Olympic Group is an Egyptian group of companies operating mainly in the field of domestic appliances. The main products it manufactures are washing machines, refrigerators, electric water heaters and gas cookers. It also operates in the fields of IT and real estate.  It owns the licensing rights for Sony products in Egypt. Olympic Group has acquired "IDEAL", a formerly state-owned appliances giant.

Major shareholders are the "Sallam" family whose father founded the company.

History
Olympic Group traces its roots back to the 1920s and 1930s. In the 1930s, Olympic Group's founder, Abdallah Sallam started a manufacturing and trading operation selling radios, small appliances and producing electric transformers. By 1950, his enterprise expanded into  retail operations with the establishment of  a chain of stores, “Shaher”, specialized in consumer financing. “Shaher” remained amongst the best performing retailers of household appliances in Egypt until it was nationalized in 1963.

The manufacturing arm of Sallam's operations continued in the form of a new venture, Cairo Light Industries. In the early 1970s, it introduced the first locally produced electric water heaters under the brand name Olympic Electric. This product provided an alternative to the gas water heaters that were popular at the time. It also capitalized on emerging consumer demand for electrical appliances and affordable electrical energy prices as a result of government subsidies.

In 1975, EPA was established as the main trading arm of the group, handling marketing, distribution and after-sales services for all Olympic brand products.

Dr Saad Sallam, the oldest son of the founder, returned to Egypt in 1978 after receiving a Ph.D. in engineering from McMaster University in Ontario and became in charge of running the business, assisted by younger brothers Niazy Sallam, who looked after the trading side and Nabil Sallam who was responsible for the production side of the business.

To accommodate growth and complexity of operations, Olympic Group was established in 1995 as a holding company for subsidiaries engaged in manufacturing and trading of household appliances and related industries.

In 1998, the group enhanced its position in the white goods market with the acquisition of IDEAL, the largest public sector manufacturer of white goods in Egypt. IDEAL, which was established in the 1920s, complemented the Group's product range with refrigerators and washing machines.

Between 1997 and 2004 the group went through restructuring measures and investment projects that aimed at:
  separation of ownership from management
  boosting output capacity and quality
  enhancing business focus
  empowering staff through delegation of authority

Today, the group claims to be the market leader in household appliances in Egypt.

Activities
More than 98% of the products sold by the group are manufactured in their own production facilities.

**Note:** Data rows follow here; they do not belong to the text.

lemma max_sq_gap_pos: "0 < max_sq_gap K \<theta>"
proof -
  obtain a where a: "a \<in> suboptimal_arms K \<theta>"
    using suboptimal_arms_nonempty by blast
  show ?thesis
    using gap_pos[OF a] max_sq_gap_ge[OF a] by (meson order_less_le_trans zero_less_power)
qed

lemma ratio_constant_pos: "0 < ratio_constant K \<theta>"
  unfolding ratio_constant_def using two_le_K min_sq_gap_pos max_sq_gap_pos by simp

lemma objective_le:
  assumes "0 < m" and w_ge: "\<forall>a<K. m \<le> w a"
  shows "objective K \<theta> w \<le> ereal (2 / (m * min_sq_gap K \<theta>))"
proof -
  have "(einv (w a) + einv (w (astar K \<theta>))) * ereal (1 / (gap K \<theta> a)\<^sup>2)
          \<le> ereal (2 / (m * min_sq_gap K \<theta>))"
    if a: "a \<in> suboptimal_arms K \<theta>" for a
  proof -
    have w: "m \<le> w a" "m \<le> w (astar K \<theta>)"
      using w_ge a astar_less by (auto simp: suboptimal_arms_def)
    have "1 / w a \<le> 1 / m" "1 / w (astar K \<theta>) \<le> 1 / m"
      using w \<open>0 < m\<close> by (simp_all add: frac_le)
    then have "1 / w a + 1 / w (astar K \<theta>) \<le> 2 / m"
      by simp
    moreover have "1 / (gap K \<theta> a)\<^sup>2 \<le> 1 / min_sq_gap K \<theta>"
      using min_sq_gap_le[OF a] min_sq_gap_pos by (simp add: frac_le)
    ultimately have "(1 / w a + 1 / w (astar K \<theta>)) * (1 / (gap K \<theta> a)\<^sup>2)
                       \<le> (2 / m) * (1 / min_sq_gap K \<theta>)"
      using \<open>0 < m\<close> by (intro mult_mono) auto
    then show ?thesis
      using w \<open>0 < m\<close> by (simp add: einv_eq_ereal_divide)
  qed
  then show ?thesis
    unfolding objective_eq_Max using finite_suboptimal_arms suboptimal_arms_nonempty by simp
qed
lemma integral_half_sqdist_le_Energy:
  assumes m: "0 < m" and par: "par \<in> Vpar n m" and Om: "in_unit_cube n Om"
  shows "(\<integral>x. sqdist n (Tmat (fst x) (snd x)) Om / 2 \<partial>Vmeas n m par)
         \<le> Energy n m Y (Vmeas n m par) - sqdist n (\<lambda>p. of_bool (Y p)) Om
            + ln (\<integral>x. exp (tilt n Y Om (Tmat (fst x) (snd x))) \<partial>Prior n m)"
proof -
  interpret V: prob_space "Vmeas n m par"
    by (rule prob_space_Vmeas[OF par])
  interpret P: prob_space "Prior n m"
    by (rule prob_space_Prior)
  obtain B where B: "\<And>x. Vdens n m par x \<le> B"
    using Vdens_bounded[OF par] by blast
  have "prob_space (density (Prior n m) (\<lambda>x. ennreal (Vdens n m par x)))"
    using prob_space_Vmeas[OF par] by (simp add: Vmeas_eq_density[OF m par])
  from P.Donsker_Varadhan_density[OF measurable_Vdens measurable_tilt_Tmat Vdens_nonneg[OF par] B
      this AE_Prior_abs_tilt_le[OF m Om]]
  have "(\<integral>x. tilt n Y Om (Tmat (fst x) (snd x)) \<partial>Vmeas n m par)
        \<le> KL_divergence (exp 1) (Prior n m) (Vmeas n m par)
           + ln (\<integral>x. exp (tilt n Y Om (Tmat (fst x) (snd x))) \<partial>Prior n m)"
    by (simp add: Vmeas_eq_density[OF m par])
  moreover have "(\<integral>x. tilt n Y Om (Tmat (fst x) (snd x)) \<partial>Vmeas n m par)
      = (\<integral>x. sqdist n (Tmat (fst x) (snd x)) Om / 2 \<partial>Vmeas n m par)
        - (\<integral>x. sqdist n (\<lambda>p. of_bool (Y p)) (Tmat (fst x) (snd x)) \<partial>Vmeas n m par)
        + sqdist n (\<lambda>p. of_bool (Y p)) Om"
    using integrable_Vmeas_sqdist[OF m par Om] integrable_Vmeas_sqdist[OF m par in_unit_cube_obs, of Y]
    unfolding tilt_def by (simp add: sqdist_commute[of n _ "Tmat _ _"] V.prob_space)
  ultimately show ?thesis
    by (simp add: Energy_eq)
qed

section \<open>Expectations over the data\<close>

lemma finite_set_Pdata: "finite (set_pmf (Pdata n Om))"
proof -
  have "set_pmf (Pdata n Om) \<subseteq> PiE_dflt (Lset n) False (\<lambda>_. UNIV)"
    unfolding Pdata_def using set_Pi_pmf_subset[of "Lset n" False] by (auto simp: PiE_dflt_def)
  moreover have "finite (PiE_dflt (Lset n) False (\<lambda>_. UNIV :: bool set))"
    by (intro finite_PiE_dflt) auto
  ultimately show ?thesis
    by (rule finite_subset)
qed

lemma integrable_Pdata [simp]:
  fixes f :: "_ \<Rightarrow> real"
  shows "integrable (measure_pmf (Pdata n Om)) f"
  by (rule integrable_measure_pmf_finite[OF finite_set_Pdata])

lemma expectation_integral_swap:
  fixes f :: "'b \<Rightarrow> 'a \<Rightarrow> real"
  assumes fin: "finite (set_pmf P)" and int: "\<And>Y. integrable Q (f Y)"
  shows "measure_pmf.expectation P (\<lambda>Y. \<integral>x. f Y x \<partial>Q)
         = (\<integral>x. measure_pmf.expectation P (\<lambda>Y. f Y x) \<partial>Q)"
proof -
  have "measure_pmf.expectation P (\<lambda>Y. \<integral>x. f Y x \<partial>Q) = (\<Sum>Y\<in>set_pmf P. pmf P Y * (\<integral>x. f Y x \<partial>Q))"
    by (subst integral_measure_pmf[OF fin]) auto
  also have "\<dots> = (\<integral>x. (\<Sum>Y\<in>set_pmf P. pmf P Y * f Y x) \<partial>Q)"
    by (rule sym, subst Bochner_Integration.integral_sum) (use int in auto)
  also have "\<dots> = (\<integral>x. measure_pmf.expectation P (\<lambda>Y. f Y x) \<partial>Q)"
    by (intro Bochner_Integration.integral_cong refl) (subst integral_measure_pmf[OF fin], auto)
  finally show ?thesis .
qed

The main products manufactured by Olympic Group are automatic washing machines, refrigerators, electric water heaters and gas cookers. Other products include fans, oil-filled radiators, exhaust fans, manual washing machines and coolers.

Olympic Group's key international partners, suppliers and licensors include the world's second-largest appliance manufacturer – Electrolux (Zanussi), the Korean giant Daewoo, the leading Dutch manufacturer Philips, the Turkish conglomerate KOC group and Merloni International Group “ARISTON and Indesit”.

Ninety percent of the group's products are introduced into the market through Olympic Group's wholly owned wholesale trader, EPA, which is the largest white goods trader in Egypt. EPA has 12 branches and a network of 1600 dealers and distributors.

The other trading arm of the Group, B-Tech, handles retail operations, with a focus on consumer credit sales. B-Tech was established in 1997 under the trading name “Olympic Stores”. Today B-Tech operates 42 outlets  located at commercial centers in Cairo and other provinces within Egypt. In addition, EPA operates 16 Ideal and Olympic Electric retail outlets and 11 franchise retail outlets.

The core activities of the company are supported with after-sales service network, comprising 25 service centers spread throughout the country.

Contract with P&G
Olympic Group signed a contract with Procter and Gamble for distributing Braun products in Egypt in December 2006.

October 11, 2010- Sweden's Electrolux (ELUXb.ST) has agreed in principle to buy Egypt's Olympic Group (OLGR.CA), the biggest appliance maker in the Middle East and North Africa, in a push to capture growth in emerging markets.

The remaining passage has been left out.